Feature Selection Predicts Cancer Information Seeking Behavior

The study uses the 2022 Health Information National Trends Survey (HINTS 6) data from 5,505 U.S. adults to compare feature selection approaches for predicting cancer information seeking. Researchers applied four selection strategies-Boruta, LASSO, principal component analysis (PCA), and no feature selection-then trained five classifiers: SVM, LR, RF, KNN, and XGBoost. The prevalence of cancer information seeking was 47.2%. Boruta and LASSO returned 45 and 55 variables with 36 overlapping; PCA produced 21 uncorrelated factors. Random Forest (RF) achieved the strongest results, with area under the curve approximately 0.950 and accuracy around 0.860 using Boruta, LASSO, or no selection. PCA-based inputs lowered AUC to 0.931 with similar accuracy. Stepwise regression validated 21 of the 36 shared predictors, including personal/family cancer history, health information access, education, income, social media use, and smoking status. The results show model robustness to selection method and provide a ranked predictor set for public health applications.
What happened - The preprint compares feature selection pipelines on the 2022 HINTS 6 dataset of 5,505 U.S. adults to predict whether individuals seek cancer information. The authors evaluated Boruta, LASSO, their combination, PCA, and no selection, and trained five classifiers: SVM, LR, RF, KNN, and XGBoost. Overall prevalence of information seeking was 47.2%. The Boruta and LASSO procedures selected 45 and 55 variables respectively, with 36 features in common; PCA yielded 21 factors.
Technical details - Modeling used standard supervised classifiers with feature sets derived from each selection method. Key empirical outcomes: RF produced the best discrimination with AUC approximately 0.950 and accuracy near 0.860 for Boruta, LASSO, and no feature selection. Using PCA-derived factors reduced AUC to 0.931 while maintaining similar accuracy (0.853). Stepwise regression confirmed 21 of the 36 shared predictors. The study highlights a stable core feature set that includes personal/family cancer history, measures of health information access, education, income, social media use, and smoking status. The paper does not report extensive ablation experiments on correlated inputs or computational cost comparisons across selection approaches.

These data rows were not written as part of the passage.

lemma nonsingular_extend:
  assumes "nonsingular N Q" and "u N = 1"
  shows "nonsingular (Suc N) (\<lambda>m k. if m = N then u k else if k < N then Q m k else 0)"
  unfolding nonsingular_def
proof (intro allI impI)
  fix v k
  assume rows: "\<forall>m<Suc N. (\<Sum>k<Suc N. (if m = N then u k else if k < N then Q m k else 0) * v k) = 0"
    and "k < Suc N"
  have low: "v k = 0" if "k < N" for k
  proof (rule nonsingularD[OF assms(1) _ that])
    fix m assume "m < N"
    then show "(\<Sum>k<N. Q m k * v k) = 0"
      using rows[rule_format, of m] by simp
  qed
  moreover have "v N = 0"
    using rows[rule_format, of N] low assms(2) by simp
  ultimately show "v k = 0"
    using \<open>k < Suc N\<close> less_Suc_eq by blast
qed

lemma diagonalizes_Suc:
  assumes "diagonalizes N Q d (\<lambda>i k. A i k - a * u i * u k)"
    and "u N = 1" and row: "\<And>k. k \<le> N \<Longrightarrow> A N k = a * u k"
    and sym: "\<And>k. k \<le> N \<Longrightarrow> A k N = A N k"
  shows "diagonalizes (Suc N) (\<lambda>m k. if m = N then u k else if k < N then Q m k else 0) (d(N := a)) A"
  unfolding diagonalizes_def
proof (intro conjI allI impI)
  show "nonsingular (Suc N) (\<lambda>m k. if m = N then u k else if k < N then Q m k else 0)"
    using assms(1,2) by (simp add: diagonalizes_def nonsingular_extend)
next
  fix i k assume "i < Suc N" "k < Suc N"
  have "(\<Sum>m<Suc N. (d(N := a)) m * (if m = N then u i else if i < N then Q m i else 0) *
          (if m = N then u k else if k < N then Q m k else 0))
      = (if i < N \<and> k < N then (\<Sum>m<N. d m * Q m i * Q m k) else 0) + a * u i * u k"
    by (cases "i < N"; cases "k < N") simp_all
  also have "\<dots> = A i k"
  proof (cases "i < N \<and> k < N")
    case True
    then have "A i k - a * u i * u k = (\<Sum>m<N. d m * Q m i * Q m k)"
      using assms(1) by (simp add: diagonalizes_def)
    then show ?thesis
      using True by (simp add: algebra_simps)
  next
    case False
    then show ?thesis
      using \<open>i < Suc N\<close> \<open>k < Suc N\<close> row[of k] row[of i] sym[of i] assms(2) by (auto simp: less_Suc_eq)
  qed
  finally show "A i k = (\<Sum>m<Suc N. (d(N := a)) m * (if m = N then u i else if i < N then Q m i else 0) *
          (if m = N then u k else if k < N then Q m k else 0))" ..
qed

text \<open>\<open>shear_cols i s c Q = Q (I + c E\<^sub>i\<^sub>s)\<close>, and \<open>shear_rows i s c (shear_cols i s c A)\<close> is the
  congruence \<open>(I + c E\<^sub>i\<^sub>s)\<^sup>T A (I + c E\<^sub>i\<^sub>s)\<close>.\<close>

definition shear_cols :: "nat \<Rightarrow> nat \<Rightarrow> complex \<Rightarrow> (nat \<Rightarrow> nat \<Rightarrow> complex) \<Rightarrow> nat \<Rightarrow> nat \<Rightarrow> complex" where
  "shear_cols i s c Q = (\<lambda>m k. if k = s then Q m s + c * Q m i else Q m k)"

definition shear_rows :: "nat \<Rightarrow> nat \<Rightarrow> complex \<Rightarrow> (nat \<Rightarrow> nat \<Rightarrow> complex) \<Rightarrow> nat \<Rightarrow> nat \<Rightarrow> complex" where
  "shear_rows i s c A = (\<lambda>j k. if j = s then A s k + c * A i k else A j k)"
lemma tspan_tadd:
  assumes "x \<in> tspan G" "y \<in> tspan G"
  shows "tadd x y \<in> tspan G"
proof -
  obtain F c where F: "finite F" "F \<noteq> {}" "F \<subseteq> G" and x: "x = (\<chi> i. Max ((\<lambda>v. c v + v$i) ` F))"
    using assms(1) unfolding tspan_def by blast
  obtain F' c' where F': "finite F'" "F' \<noteq> {}" "F' \<subseteq> G" and y: "y = (\<chi> i. Max ((\<lambda>v. c' v + v$i) ` F'))"
    using assms(2) unfolding tspan_def by blast
  define d where "d v = (if v \<in> F then if v \<in> F' then max (c v) (c' v) else c v else c' v)" for v
  have "Max ((\<lambda>v. d v + v$i) ` (F \<union> F')) =
        max (Max ((\<lambda>v. c v + v$i) ` F)) (Max ((\<lambda>v. c' v + v$i) ` F'))" for i
    using Max_merge_Un[OF F(1,2) F'(1,2), of "\<lambda>v. c v + v$i" "\<lambda>v. c' v + v$i"]
    unfolding d_def by (simp add: if_distrib[of "\<lambda>a. a + _"] max_add_distrib_left)
  then have "tadd x y = (\<chi> i. Max ((\<lambda>v. d v + v$i) ` (F \<union> F')))"
    by (simp add: x y vec_eq_iff)
  then show ?thesis
    using F F' unfolding tspan_def by (intro CollectI exI[of _ "F \<union> F'"] exI[of _ d]) simp
qed
(* For every integer $n\ge 0$, $$\Phi^{(1)}[a; bq^n, b'; c; x, y] = \sum_{k=0}^n \begin{bmatrix} n \\ k \end{bmatrix} q^{2\binom{k}{2}} \frac{(bx)^k (a; q)_k}{(c; q)_k} \Phi^{(1)}[aq^k; bq^k, b'; cq^k; x, y]$$ and $$\Phi^{(1)}[a; bq^{-n}, b'; c; x, y] = \sum_{k=0}^n \begin{bmatrix} n \\ k \end{bmatrix} q^{\binom{k}{2} - nk} \frac{(-bx)^k (a; q)_k}{(c; q)_k} \Phi^{(1)}[aq^k; b, b'; cq^k; x, y].$$
   Context: Let $q$ be a complex number with $0<|q|<1$. For complex $z$ and integer $m\ge 0$, $(z;q)_m=\prod_{j=0}^{m-1}(1-zq^j)$, with $(z;q)_0=1$. For integers $0\le k\le n$, $\begin{bmatrix} n \\ k \end{bmatrix}=\frac{(q;q)_n}{(q;q)_k(q;q)_{n-k}}$ is the $q$-binomial coefficient. The $q$-Appell function $\Phi^{(1)}$ is $$\Phi^{(1)}[a; b, b'; c; x, y] = \sum_{m, n \geq 0} \frac{(a; q)_{m+n} (b; q)_m (b'; q)_n}{(q; q)_m (q; q)_n (c; q)_{m+n}} x^m y^n.$$ Identities are understood as identities of power series in $x,y$ (formal, or convergent for small $|x|,|y|$), with complex parameters chosen so that no denominator occurring vanishes. *)

theory Defs
  imports "HOL-Computational_Algebra.Formal_Power_Series"
begin

definition qpoch :: "complex \<Rightarrow> complex \<Rightarrow> nat \<Rightarrow> complex" where
  "qpoch z q m = (\<Prod>j<m. 1 - z * q ^ j)"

Context and significance - For practitioners, the central takeaway is that when predicting a well-measured public health outcome on a moderate-sized survey, model choice (here RF) can dominate fine-grained differences among common feature selection pipelines. The near-identical performance of Boruta, LASSO, and no selection suggests RF is robust to noisy or correlated predictors in this setting. PCA reduced dimensionality at modest cost to discrimination, which could still be useful when multicollinearity or privacy-preserving factorization is required.
What to watch - Confirmatory peer review should check for overfitting controls, calibration, class-balance handling, and external validation. Next steps include external replication on independent surveys, systematic ablation to quantify feature importance, and deploying the validated predictor set for targeted health-communication interventions.
Scoring Rationale
The study offers a practical, method-focused comparison useful to ML practitioners working with survey data and public-health prediction. It is methodologically relevant but not a frontier-model or paradigm shift, hence a mid-high notable score.